I am suggesting that, for survival, individuals and institutions place consideration of the welfare of the whole above their personal and group agendas.

Because my memory is flawed, I usually choose to tell the truth as I see it. This is the simplest and most effective way to keep my stories straight.

So here are 12 tips worth testing (in no particular sequence of importance except for the last).

    1. Every unkind act is a cry for love.
  • No one repeats any action unless there is a payoff — positive or negative — conscious or not.

 

  • We have precious little control, if any, over our lives. Instead we have choice and discernment.

 

  • Life would be meaningless were it not for faith in an intelligent power that knows all and adores us anyway. Sort of like a tough-love parent who says punishment hurts him/her more than it hurts us.

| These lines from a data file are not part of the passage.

lemma image_critical_set_lebesgue:
  assumes "continuous_on {0..1} f" "negligible ({0..1} - critical_set f)"
  shows "f ` critical_set f \<in> sets lebesgue"
    and "emeasure lebesgue (f ` critical_set f) = emeasure lebesgue (f ` {0..1})"
proof -
  let ?E = "f ` ({0..1} - critical_set f)"
  have "negligible ?E" using assms(2) by (rule negligible_image_noncritical)
  then have E: "?E \<in> null_sets lebesgue"
    and EC: "f ` critical_set f \<inter> ?E \<in> null_sets lebesgue"
    by (auto simp: negligible_iff_null_sets[symmetric] intro: negligible_subset)
  have A: "f ` {0..1} \<in> sets lebesgue"
    using compact_continuous_image[OF assms(1)] by (simp add: lmeasurable_compact fmeasurableD)
  have "critical_set f \<subseteq> {0..1}" by (auto simp: critical_set_def)
  then have eq: "f ` critical_set f = (f ` {0..1} - ?E) \<union> (f ` critical_set f \<inter> ?E)" by blast
  show "f ` critical_set f \<in> sets lebesgue"
    using A E EC by (subst eq) auto
  have "emeasure lebesgue (f ` critical_set f) = emeasure lebesgue (f ` {0..1} - ?E)"
    using A E EC by (subst eq) (intro emeasure_Un_null_set sets.Diff, auto)
  also have "\<dots> = emeasure lebesgue (f ` {0..1})" using E A by (rule emeasure_Diff_null_set)
  finally show "emeasure lebesgue (f ` critical_set f) = emeasure lebesgue (f ` {0..1})" .
qed

lemma countable_image_if_locally_constant:
  fixes f :: "real \<Rightarrow> 'a"
  assumes "\<And>x. x \<in> U \<Longrightarrow> \<exists>e>0. \<forall>y\<in>ball x e. f y = f x"
  shows "countable (f ` U)"
proof (rule countable_subset)
  show "f ` U \<subseteq> f ` \<rat>"
  proof
    fix z assume "z \<in> f ` U"
    then obtain x e where x: "z = f x" "0 < e" "\<forall>y\<in>ball x e. f y = f x"
      using assms by blast
    obtain r where "r \<in> \<rat>" "x < r" "r < x + e"
      using Rats_dense_in_real[of x "x + e"] \<open>0 < e\<close> by auto
    then have "r \<in> ball x e" by (simp add: dist_real_def)
    then have "f r = f x" using x(3) by blast
    then have "z = f r" using x(1) by simp
    then show "z \<in> f ` \<rat>" using \<open>r \<in> \<rat>\<close> by (rule image_eqI)
  qed
qed (simp add: countable_rat)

REALLY?

 

  • No one ever does anything for anyone unless there is benefit to the benefactor, even if it is only the feeling of self approval.

 

  • Mankind’s misguided actions spring from fear for safety/survival, desire for approval/acceptance, absence of control and an underlying terror of being abandoned by God.

 

  • Mankind can do no more than cope with circumstances, usually ineptly, without the intervention of a higher, wiser and merciful power who alone can transmute our mistakes and their memories from endless replaying.

 

  • Every obstacle is an opportunity for learning. Rock bottom is a firm foundation on which to build.

 

  • Our greatest challenges/challengers are our greatest teachers.

 

  • It would be impossible for a human being to fault another if that very trait were absent in their own perception. When judgment is present, it is a reflection of and/or remembrance of guilt.

 

  • Wherever attention goes, manifestation tends to follow. Be very careful what you want.

 

  • To obtain a reprieve from an endless sentence of imbedded patterns, it is imperative that we assume total responsibility for our errors, have real regret, ask for forgiveness from others, forgive ourselves, give thanks nonstop for our many blessings and place our lives in alignment with Love.

 

This is the elegant solution that heals from the heart — in preparation for a revitalized, more peaceful happy life.

I think newly, clearly, truly! And so it is!

I wish to thank all my sources of inspiration, the most influential of which have been “A Course in Miracles,” Ihaleakala Hew Len, Ph.D., teacher of Ho’oponopono and Lester Levenson, founder of The Sedona Method.

Above all, I am most grateful for direct communication from headquarters.